(Dataset entries)
definition pos :: "'n \<Rightarrow> 'n arc list \<Rightarrow> nat \<Rightarrow> 'n" where
  "pos s es i = (if i = 0 then s else tgt (es ! (i - 1)))"

definition is_walk :: "'n arc set \<Rightarrow> 'n \<Rightarrow> 'n arc list \<Rightarrow> bool" where
  "is_walk E s es \<longleftrightarrow> (\<forall>i < length es. es ! i \<in> E \<and> src (es ! i) = pos s es i)"

text \<open>A complete play: a walk whose last node is the first repetition.\<close>
definition is_play :: "'n arc set \<Rightarrow> 'n \<Rightarrow> 'n arc list \<Rightarrow> bool" where
  "is_play E s es \<longleftrightarrow> is_walk E s es \<and> length es \<ge> 1 \<and>
     inj_on (pos s es) {..<length es} \<and>
     pos s es (length es) \<in> pos s es ` {..<length es}"

definition player1_wins :: "'n \<Rightarrow> 'n arc list \<Rightarrow> bool" where
  "player1_wins s es \<longleftrightarrow>
     (let t = length es; t' = (THE t'. t' < t \<and> pos s es t' = pos s es t)
      in (\<Sum>i\<in>{t'..<t}. wt (es ! i)) / real (t - t') \<ge> 0)"

definition strategy1 :: "'n set \<Rightarrow> 'n set \<Rightarrow> 'n arc set \<Rightarrow> 'n \<Rightarrow> ('n arc list \<Rightarrow> 'n arc) \<Rightarrow> bool" where
  "strategy1 N V0 E s \<sigma> \<longleftrightarrow>
     (\<forall>h. is_walk E s h \<and> pos s h (length h) \<in> N - V0 \<longrightarrow>
          \<sigma> h \<in> E \<and> src (\<sigma> h) = pos s h (length h))"

definition follows1 :: "'n set \<Rightarrow> 'n set \<Rightarrow> 'n \<Rightarrow> ('n arc list \<Rightarrow> 'n arc) \<Rightarrow> 'n arc list \<Rightarrow> bool" where
  "follows1 N V0 s \<sigma> es \<longleftrightarrow>
     (\<forall>i < length es. pos s es i \<in> N - V0 \<longrightarrow> es ! i = \<sigma> (take i es))"

definition winning_start1 :: "'n set \<Rightarrow> 'n set \<Rightarrow> 'n arc set \<Rightarrow> 'n \<Rightarrow> bool" where
  "winning_start1 N V0 E s \<longleftrightarrow>
     (\<exists>\<sigma>. strategy1 N V0 E s \<sigma> \<and>
        (\<forall>es. is_play E s es \<and> follows1 N V0 s \<sigma> es \<longrightarrow> player1_wins s es))"

definition game_nodes :: "'v set \<Rightarrow> 'v hyperarc set \<Rightarrow> ('v + 'v hyperarc) set" where
  "game_nodes V \<A> = Inl ` V \<union> Inr ` \<A>"

definition game_V0 :: "'v set \<Rightarrow> ('v + 'v hyperarc) set" where
  "game_V0 V = Inl ` V"

definition game_arcs :: "'v hyperarc set \<Rightarrow> ('v + 'v hyperarc) arc set" where
  "game_arcs \<A> = {(Inl (tl_of A), Inr A, 0) | A. A \<in> \<A>} \<union>
                  {(Inr A, Inl h, w_of A h) | A h. A \<in> \<A> \<and> h \<in> hd_of A}"

end

theory Submission
  imports Defs
begin

text \<open>Run value iteration from the zero scheduling:
  \<open>s\<^sub>k\<^sub>+\<^sub>1(v) = max (s\<^sub>k(v), max\<^sub>A min\<^sub>h\<in>H\<^sub>A (s\<^sub>k(h) - w\<^sub>A(h)))\<close>, the outer maximum over
  the hyperarcs with tail \<open>v\<close>. The iterates increase pointwise, and if they stay bounded
  their supremum is a feasible scheduling. Boundedness at \<open>v\<close> comes from a winning
  strategy \<open>\<sigma>\<close> of Player 1 from \<open>v\<close>: keep the history of a play following \<open>\<sigma>\<close> as a stack
  from which each closed cycle is popped. A popped cycle ends a play consistent with \<open>\<sigma>\<close>,
  so it has nonnegative weight, and the weight of the stack never exceeds the weight
  played. Letting Player 0 choose the hyperarc realising the maximum and \<open>\<sigma>\<close> answer with
  a head, induction on \<open>k\<close> gives \<open>s\<^sub>k(u) \<le> |N| \<cdot> max |w| + W(stack)\<close> whenever the stack ends
  in \<open>u\<close>; the stack is a simple path, so its weight is at least \<open>-|N| \<cdot> max |w|\<close>.\<close>

section \<open>Histories in a game\<close>

lemma pos_snoc: "i \<le> length p \<Longrightarrow> pos s (p @ [e]) i = pos s p i"
  unfolding pos_def by (auto simp: nth_append)

lemma pos_snoc_length: "pos s (p @ [e]) (Suc (length p)) = tgt e"
  by (simp add: pos_def)

lemma pos_take: "i \<le> j \<Longrightarrow> j \<le> length p \<Longrightarrow> pos s (take j p) i = pos s p i"
  unfolding pos_def by auto

lemma is_walk_snoc:
  assumes "is_walk E s p" "e \<in> E" "src e = pos s p (length p)"
  shows "is_walk E s (p @ [e])"
  unfolding is_walk_def
proof (intro allI impI)
  fix i assume "i < length (p @ [e])"
  then consider "i < length p" | "i = length p" by fastforce
  then show "(p @ [e]) ! i \<in> E \<and> src ((p @ [e]) ! i) = pos s (p @ [e]) i"
    by cases (use assms pos_snoc[of i p s e] in \<open>auto simp: is_walk_def nth_append\<close>)
qed

lemma is_walk_take: "is_walk E s p \<Longrightarrow> j \<le> length p \<Longrightarrow> is_walk E s (take j p)"
  unfolding is_walk_def by (auto simp: pos_take)

lemma follows1_snoc:
  assumes "follows1 N V0 s \<sigma> p" "pos s p (length p) \<in> N - V0 \<longrightarrow> e = \<sigma> p"
  shows "follows1 N V0 s \<sigma> (p @ [e])"
  unfolding follows1_def
proof (intro allI impI)
  fix i assume "i < length (p @ [e])" and owner: "pos s (p @ [e]) i \<in> N - V0"
  then consider "i < length p" | "i = length p" by fastforce
  then show "(p @ [e]) ! i = \<sigma> (take i (p @ [e]))"
    by cases (use assms owner pos_snoc[of i p s e] in \<open>auto simp: follows1_def nth_append\<close>)
qed

lemma follows1_take: "follows1 N V0 s \<sigma> p \<Longrightarrow> j \<le> length p \<Longrightarrow> follows1 N V0 s \<sigma> (take j p)"
  unfolding follows1_def by (auto simp: pos_take min_def)

lemma player1_wins_cycle_weight_nonneg:
  assumes play: "is_play E s q" and wins: "player1_wins s q"
    and j: "j < length q" "pos s q j = pos s q (length q)"
  shows "0 \<le> (\<Sum>i\<in>{j..<length q}. wt (q ! i))"
proof -
  have inj: "inj_on (pos s q) {..<length q}" using play by (simp add: is_play_def)
  have "(THE t'. t' < length q \<and> pos s q t' = pos s q (length q)) = j"
  proof (rule the_equality)
    fix t' assume "t' < length q \<and> pos s q t' = pos s q (length q)"
    then show "t' = j" using j by (metis inj inj_onD lessThan_iff)
  qed (use j in simp)
  then have "0 \<le> (\<Sum>i\<in>{j..<length q}. wt (q ! i)) / real (length q - j)"
    using wins by (simp add: player1_wins_def Let_def)
  then show ?thesis using j(1) by (simp add: zero_le_divide_iff)
qed

definition walk_weight :: "'n arc list \<Rightarrow> real" where
  "walk_weight p = (\<Sum>i<length p. wt (p ! i))"

lemma walk_weight_snoc: "walk_weight (p @ [e]) = walk_weight p + wt e"
  by (simp add: walk_weight_def nth_append)

lemma walk_weight_take_add:
  assumes "j \<le> length q"
  shows "walk_weight q = walk_weight (take j q) + (\<Sum>i\<in>{j..<length q}. wt (q ! i))"
proof -
  have "(\<Sum>i<j. wt (q ! i)) = walk_weight (take j q)"
    unfolding walk_weight_def using assms by (simp add: min_def)
  then show ?thesis
    unfolding walk_weight_def using assms
    by (simp add: lessThan_atLeast0 sum.atLeastLessThan_concat)
qed

lemma walk_weight_lower_bound:
  assumes "finite N" "is_walk E s p" "inj_on (pos s p) {..length p}" "pos s p ` {..length p} \<subseteq> N"
    and "\<And>e. e \<in> E \<Longrightarrow> \<bar>wt e\<bar> \<le> M" "0 \<le> M"
  shows "- (real (card N) * M) \<le> walk_weight p"
proof -
  have "Suc (length p) \<le> card N"
    using card_inj_on_le[OF assms(3,4,1)] by simp
  then have "- (real (card N) * M) \<le> (\<Sum>i<length p. - M)"
    using \<open>0 \<le> M\<close> by (simp add: mult_right_mono)
  also have "\<dots> \<le> walk_weight p"
    unfolding walk_weight_def
  proof (rule sum_mono)
    fix i assume "i \<in> {..<length p}"
    then have "\<bar>wt (p ! i)\<bar> \<le> M" using assms(2,5) by (simp add: is_walk_def)
    then show "- M \<le> wt (p ! i)" by (simp add: abs_le_iff)
  qed
  finally show ?thesis .
qed

text \<open>The stack of the proof idea: a walk following \<open>\<sigma>\<close> without repeated nodes.\<close>

definition simple_history :: "'n set \<Rightarrow> 'n set \<Rightarrow> 'n arc set \<Rightarrow> 'n \<Rightarrow> ('n arc list \<Rightarrow> 'n arc) \<Rightarrow> 'n arc list \<Rightarrow> bool" where
  "simple_history N V0 E s \<sigma> p \<longleftrightarrow>
     is_walk E s p \<and> follows1 N V0 s \<sigma> p \<and> inj_on (pos s p) {..length p}"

Problem:
Your answer should be the lines above from the one containing "q (length q))" through the one containing "text \<open>The stack", copied exactly and with both ends kept.

Exercise output:
  have "(THE t'. t' < length q \<and> pos s q t' = pos s q (length q)) = j"
  proof (rule the_equality)
    fix t' assume "t' < length q \<and> pos s q t' = pos s q (length q)"
    then show "t' = j" using j by (metis inj inj_onD lessThan_iff)
  qed (use j in simp)
  then have "0 \<le> (\<Sum>i\<in>{j..<length q}. wt (q ! i)) / real (length q - j)"
    using wins by (simp add: player1_wins_def Let_def)
  then show ?thesis using j(1) by (simp add: zero_le_divide_iff)
qed

definition walk_weight :: "'n arc list \<Rightarrow> real" where
  "walk_weight p = (\<Sum>i<length p. wt (p ! i))"

lemma walk_weight_snoc: "walk_weight (p @ [e]) = walk_weight p + wt e"
  by (simp add: walk_weight_def nth_append)

lemma walk_weight_take_add:
  assumes "j \<le> length q"
  shows "walk_weight q = walk_weight (take j q) + (\<Sum>i\<in>{j..<length q}. wt (q ! i))"
proof -
  have "(\<Sum>i<j. wt (q ! i)) = walk_weight (take j q)"
    unfolding walk_weight_def using assms by (simp add: min_def)
  then show ?thesis
    unfolding walk_weight_def using assms
    by (simp add: lessThan_atLeast0 sum.atLeastLessThan_concat)
qed

lemma walk_weight_lower_bound:
  assumes "finite N" "is_walk E s p" "inj_on (pos s p) {..length p}" "pos s p ` {..length p} \<subseteq> N"
    and "\<And>e. e \<in> E \<Longrightarrow> \<bar>wt e\<bar> \<le> M" "0 \<le> M"
  shows "- (real (card N) * M) \<le> walk_weight p"
proof -
  have "Suc (length p) \<le> card N"
    using card_inj_on_le[OF assms(3,4,1)] by simp
  then have "- (real (card N) * M) \<le> (\<Sum>i<length p. - M)"
    using \<open>0 \<le> M\<close> by (simp add: mult_right_mono)
  also have "\<dots> \<le> walk_weight p"
    unfolding walk_weight_def
  proof (rule sum_mono)
    fix i assume "i \<in> {..<length p}"
    then have "\<bar>wt (p ! i)\<bar> \<le> M" using assms(2,5) by (simp add: is_walk_def)
    then show "- M \<le> wt (p ! i)" by (simp add: abs_le_iff)
  qed
  finally show ?thesis .
qed

text \<open>The stack of the proof idea: a walk following \<open>\<sigma>\<close> without repeated nodes.\<close>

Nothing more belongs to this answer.